* **What this task involves**: Find the lines holding the string "shows" in the data, then copy all of them.
----
(* Let $F:\mathbb{R}^p\to\mathbb{R}^p$ be single-valued and $T:\mathbb{R}^p\rightrightarrows\mathbb{R}^p$ be maximally $3$-cyclically monotone, $\Phi:=F+T$, and let $x^\star\in\mathrm{zer}\,\Phi$. Let $\kappa_1,\kappa_2\ge0$, $\beta>0$, $\eta>0$, and let $\{(x^k,y^k)\}$ be generated by: start from $x^0\in\mathrm{dom}\,\Phi$, set $x^{-1}=y^{-1}:=x^0$, and for $k\ge0$ $$y^k:=J_{\frac{\eta}{\beta}T}\big(x^k-\tfrac{\eta}{\beta}u^k\big),\qquad x^{k+1}:=J_{\eta T}\big(x^k-\eta Fy^k\big),$$ where $u^k\in\mathbb{R}^p$ satisfies $\|Fx^k-u^k\|^2\le\kappa_1\|Fx^k-Fy^{k-1}\|^2+\kappa_2\|Fx^k-Fx^{k-1}\|^2$. Then for any $\gamma>0$ and $k\ge0$, $$\begin{aligned}\|x^{k+1}-x^\star\|^2\le{}&\|x^k-x^\star\|^2-(1-\beta)\|x^{k+1}-x^k\|^2-\beta\|x^k-y^k\|^2-(\beta-\gamma)\|x^{k+1}-y^k\|^2\\&+\tfrac{\eta^2}{\gamma}\|Fy^k-u^k\|^2-2\eta\langle Fy^k-Fx^\star,y^k-x^\star\rangle.\end{aligned}$$
   Context: $\mathrm{zer}\,\Phi:=\{x:0\in Fx+Tx\}$. $J_{\lambda T}:=(\mathbb{I}+\lambda T)^{-1}$ is the resolvent of $\lambda T$. $T$ is $3$-cyclically monotone if $\sum_{i=1}^3\langle u^i,x^i-x^{i+1}\rangle\ge0$ for all $(x^i,u^i)\in\mathrm{gra}\,T$ with $x^4=x^1$; maximally so if its graph is not properly contained in the graph of another $3$-cyclically monotone operator. *)

theory Defs
  imports "HOL-Analysis.Analysis"
begin

definition cyclically_monotone3 :: "('a::real_inner \<Rightarrow> 'a set) \<Rightarrow> bool" where
  "cyclically_monotone3 T \<longleftrightarrow>
     (\<forall>x1 x2 x3 u1 u2 u3. u1 \<in> T x1 \<and> u2 \<in> T x2 \<and> u3 \<in> T x3 \<longrightarrow>
        inner u1 (x1 - x2) + inner u2 (x2 - x3) + inner u3 (x3 - x1) \<ge> 0)"

definition max_cyclically_monotone3 :: "('a::real_inner \<Rightarrow> 'a set) \<Rightarrow> bool" where
  "max_cyclically_monotone3 T \<longleftrightarrow> cyclically_monotone3 T \<and>
     (\<forall>S. cyclically_monotone3 S \<and> (\<forall>x. T x \<subseteq> S x) \<longrightarrow> S = T)"

definition op_sum :: "('a::real_vector \<Rightarrow> 'a) \<Rightarrow> ('a \<Rightarrow> 'a set) \<Rightarrow> 'a \<Rightarrow> 'a set" where
  "op_sum F T x = (\<lambda>v. F x + v) ` T x"

definition zer :: "('a::real_vector \<Rightarrow> 'a set) \<Rightarrow> 'a set" where
  "zer Phi = {x. 0 \<in> Phi x}"

definition op_dom :: "('a \<Rightarrow> 'b set) \<Rightarrow> 'a set" where
  "op_dom Phi = {x. Phi x \<noteq> {}}"

text \<open>Resolvent J_{lam T} = (I + lam T)^{-1}, as a set-valued map:
  y \<in> J z iff z \<in> y + lam T y.\<close>
definition resolvent :: "real \<Rightarrow> ('a::real_vector \<Rightarrow> 'a set) \<Rightarrow> 'a \<Rightarrow> 'a set" where
  "resolvent lam T z = {y. z \<in> (\<lambda>v. y + lam *\<^sub>R v) ` T y}"

end

theory Submission
  imports Defs
begin

text \<open>Apply 3-cyclic monotonicity of \<open>T\<close> to the three graph points \<open>(x\<^sup>k\<^sup>+\<^sup>1, w)\<close>,
  \<open>(x\<^sup>\<star>, -F x\<^sup>\<star>)\<close> and \<open>(y\<^sup>k, v)\<close> supplied by the two resolvent steps and the zero
  condition. Solving the resolvent equations for \<open>\<eta> w\<close> and \<open>\<eta> v\<close> and expanding with the
  three-point identity \<open>2\<langle>a - b, b - c\<rangle> = \<parallel>a - c\<parallel>\<^sup>2 - \<parallel>a - b\<parallel>\<^sup>2 - \<parallel>b - c\<parallel>\<^sup>2\<close> yields
  the estimate except for the cross term \<open>2\<eta>\<langle>F y\<^sup>k - u\<^sup>k, y\<^sup>k - x\<^sup>k\<^sup>+\<^sup>1\<rangle>\<close>, which Young's
  inequality bounds by \<open>\<gamma>\<parallel>x\<^sup>k\<^sup>+\<^sup>1 - y\<^sup>k\<parallel>\<^sup>2 + \<eta>\<^sup>2/\<gamma> \<parallel>F y\<^sup>k - u\<^sup>k\<parallel>\<^sup>2\<close>.\<close>

lemma mem_resolvent_iff:
  "y \<in> resolvent lam T z \<longleftrightarrow> (\<exists>v\<in>T y. z = y + lam *\<^sub>R v)"
  unfolding resolvent_def by auto

lemma mem_zer_op_sum_iff: "x \<in> zer (op_sum F T) \<longleftrightarrow> - F x \<in> T x"
  unfolding zer_def op_sum_def by (auto simp: add_eq_0_iff)

lemma cyclically_monotone3D:
  assumes "cyclically_monotone3 T" "u1 \<in> T x1" "u2 \<in> T x2" "u3 \<in> T x3"
  shows "0 \<le> inner u1 (x1 - x2) + inner u2 (x2 - x3) + inner u3 (x3 - x1)"
  using assms unfolding cyclically_monotone3_def by blast

lemma inner_three_point:
  fixes a b c :: "'a::real_inner"
  shows "2 * inner (a - b) (b - c) = (norm (a - c))\<^sup>2 - (norm (a - b))\<^sup>2 - (norm (b - c))\<^sup>2"
  using dot_norm[of "a - b" "b - c"] by simp

lemma young_inner:
  fixes p q :: "'a::real_inner"
  assumes "\<gamma> > 0"
  shows "2 * inner p q \<le> \<gamma> * (norm p)\<^sup>2 + (norm q)\<^sup>2 / \<gamma>"
proof -
  have "(norm (\<gamma> *\<^sub>R p - q))\<^sup>2 = \<gamma>\<^sup>2 * (norm p)\<^sup>2 - 2 * \<gamma> * inner p q + (norm q)\<^sup>2"
    using dot_norm_neg[of "\<gamma> *\<^sub>R p" q] assms by (simp add: power_mult_distrib)
  then have "2 * \<gamma> * inner p q \<le> \<gamma>\<^sup>2 * (norm p)\<^sup>2 + (norm q)\<^sup>2"
    using zero_le_power2[of "norm (\<gamma> *\<^sub>R p - q)"] by linarith
  then show ?thesis using assms by (simp add: field_simps power2_eq_square)
qed

lemma resolvent_step_estimate:
  fixes F :: "'a::real_inner \<Rightarrow> 'a" and x x' y u z :: 'a
  assumes T: "cyclically_monotone3 T" and zero: "- F z \<in> T z"
    and beta: "\<beta> > 0" and eta: "\<eta> > 0" and gamma: "\<gamma> > 0"
    and ystep: "y \<in> resolvent (\<eta> / \<beta>) T (x - (\<eta> / \<beta>) *\<^sub>R u)"
    and xstep: "x' \<in> resolvent \<eta> T (x - \<eta> *\<^sub>R F y)"
  shows "(norm (x' - z))\<^sup>2 \<le>
      (norm (x - z))\<^sup>2 - (1 - \<beta>) * (norm (x' - x))\<^sup>2
      - \<beta> * (norm (x - y))\<^sup>2 - (\<beta> - \<gamma>) * (norm (x' - y))\<^sup>2
      + \<eta>\<^sup>2 / \<gamma> * (norm (F y - u))\<^sup>2
      - 2 * \<eta> * inner (F y - F z) (y - z)"
proof -
  obtain v where v: "v \<in> T y" and hv: "x - (\<eta> / \<beta>) *\<^sub>R u = y + (\<eta> / \<beta>) *\<^sub>R v"
    using ystep by (auto simp: mem_resolvent_iff)
  obtain w where w: "w \<in> T x'" and hw: "x - \<eta> *\<^sub>R F y = x' + \<eta> *\<^sub>R w"
    using xstep by (auto simp: mem_resolvent_iff)
  have \<eta>v: "\<eta> *\<^sub>R v = \<beta> *\<^sub>R (x - y) - \<eta> *\<^sub>R u"
  proof -
    have "\<beta> *\<^sub>R (x - (\<eta> / \<beta>) *\<^sub>R u) = \<beta> *\<^sub>R (y + (\<eta> / \<beta>) *\<^sub>R v)"
      using hv by simp
    then show ?thesis using beta by (simp add: algebra_simps)
  qed
  have \<eta>w: "\<eta> *\<^sub>R w = (x - x') - \<eta> *\<^sub>R F y"
    using hw by (simp add: algebra_simps)
  have "0 \<le> \<eta> * (inner w (x' - z) + inner (- F z) (z - y) + inner v (y - x'))"
    using cyclically_monotone3D[OF T w zero v] eta by simp
  also have "\<dots> = inner (\<eta> *\<^sub>R w) (x' - z) + inner (\<eta> *\<^sub>R F z) (y - z) + inner (\<eta> *\<^sub>R v) (y - x')"
    by (simp add: distrib_left flip: inner_minus_right)
  also have "\<dots> = inner (x - x') (x' - z) + \<beta> * inner (x - y) (y - x')
      + \<eta> * inner (F y - u) (y - x') - \<eta> * inner (F y - F z) (y - z)"
    unfolding \<eta>w \<eta>v by (simp add: inner_diff_left inner_diff_right algebra_simps)
  finally have mono: "0 \<le> inner (x - x') (x' - z) + \<beta> * inner (x - y) (y - x')
      + \<eta> * inner (F y - u) (y - x') - \<eta> * inner (F y - F z) (y - z)" .
  have young: "2 * \<eta> * inner (F y - u) (y - x')
      \<le> \<gamma> * (norm (x' - y))\<^sup>2 + \<eta>\<^sup>2 / \<gamma> * (norm (F y - u))\<^sup>2"
    using young_inner[OF gamma, of "y - x'" "\<eta> *\<^sub>R (F y - u)"] eta
    by (simp add: inner_commute power_mult_distrib norm_minus_commute)
  have three_point_z: "2 * inner (x - x') (x' - z)
      = (norm (x - z))\<^sup>2 - (norm (x' - x))\<^sup>2 - (norm (x' - z))\<^sup>2"
    using inner_three_point[of x x' z] by (simp add: norm_minus_commute)
  have "2 * inner (x - y) (y - x') = (norm (x' - x))\<^sup>2 - (norm (x - y))\<^sup>2 - (norm (x' - y))\<^sup>2"
    using inner_three_point[of x y x'] by (simp add: norm_minus_commute)
  then have three_point_y: "2 * (\<beta> * inner (x - y) (y - x'))
      = \<beta> * (norm (x' - x))\<^sup>2 - \<beta> * (norm (x - y))\<^sup>2 - \<beta> * (norm (x' - y))\<^sup>2"
    by (simp add: mult.left_commute[of 2 \<beta>] right_diff_distrib)
  show ?thesis
    using mono young three_point_z three_point_y by (simp add: algebra_simps)
qed

theorem lemma4:
  fixes F :: "real^'p \<Rightarrow> real^'p" and T :: "real^'p \<Rightarrow> (real^'p) set"
    and xstar :: "real^'p" and x y u :: "nat \<Rightarrow> real^'p"
    and \<kappa>1 \<kappa>2 \<beta> \<eta> :: real
  assumes T: "max_cyclically_monotone3 T"
    and xstar: "xstar \<in> zer (op_sum F T)"
    and k1: "\<kappa>1 \<ge> 0" and k2: "\<kappa>2 \<ge> 0" and beta: "\<beta> > 0" and eta: "\<eta> > 0"
    and x0: "x 0 \<in> op_dom (op_sum F T)"
    and ystep: "\<And>k. y k \<in> resolvent (\<eta> / \<beta>) T (x k - (\<eta> / \<beta>) *\<^sub>R u k)"
    and xstep: "\<And>k. x (Suc k) \<in> resolvent \<eta> T (x k - \<eta> *\<^sub>R F (y k))"
    and uerr: "\<And>k. (norm (F (x k) - u k))\<^sup>2
        \<le> \<kappa>1 * (norm (F (x k) - F (if k = 0 then x 0 else y (k - 1))))\<^sup>2
          + \<kappa>2 * (norm (F (x k) - F (if k = 0 then x 0 else x (k - 1))))\<^sup>2"
  shows "\<forall>\<gamma>>0. \<forall>k. (norm (x (Suc k) - xstar))\<^sup>2 \<le>
      (norm (x k - xstar))\<^sup>2 - (1 - \<beta>) * (norm (x (Suc k) - x k))\<^sup>2
      - \<beta> * (norm (x k - y k))\<^sup>2 - (\<beta> - \<gamma>) * (norm (x (Suc k) - y k))\<^sup>2
      + \<eta>\<^sup>2 / \<gamma> * (norm (F (y k) - u k))\<^sup>2
      - 2 * \<eta> * inner (F (y k) - F xstar) (y k - xstar)"
proof -
  have monotone: "cyclically_monotone3 T"
    using T by (simp add: max_cyclically_monotone3_def)
  have zero: "- F xstar \<in> T xstar"
    using xstar by (simp add: mem_zer_op_sum_iff)
  show ?thesis
    using resolvent_step_estimate[OF monotone zero beta eta _ ystep xstep] by blast
qed
end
----
* **Task answer**:
  shows "0 \<le> inner u1 (x1 - x2) + inner u2 (x2 - x3) + inner u3 (x3 - x1)"
  shows "2 * inner (a - b) (b - c) = (norm (a - c))\<^sup>2 - (norm (a - b))\<^sup>2 - (norm (b - c))\<^sup>2"
  shows "2 * inner p q \<le> \<gamma> * (norm p)\<^sup>2 + (norm q)\<^sup>2 / \<gamma>"
  shows "(norm (x' - z))\<^sup>2 \<le>
  shows "\<forall>\<gamma>>0. \<forall>k. (norm (x (Suc k) - xstar))\<^sup>2 \<le>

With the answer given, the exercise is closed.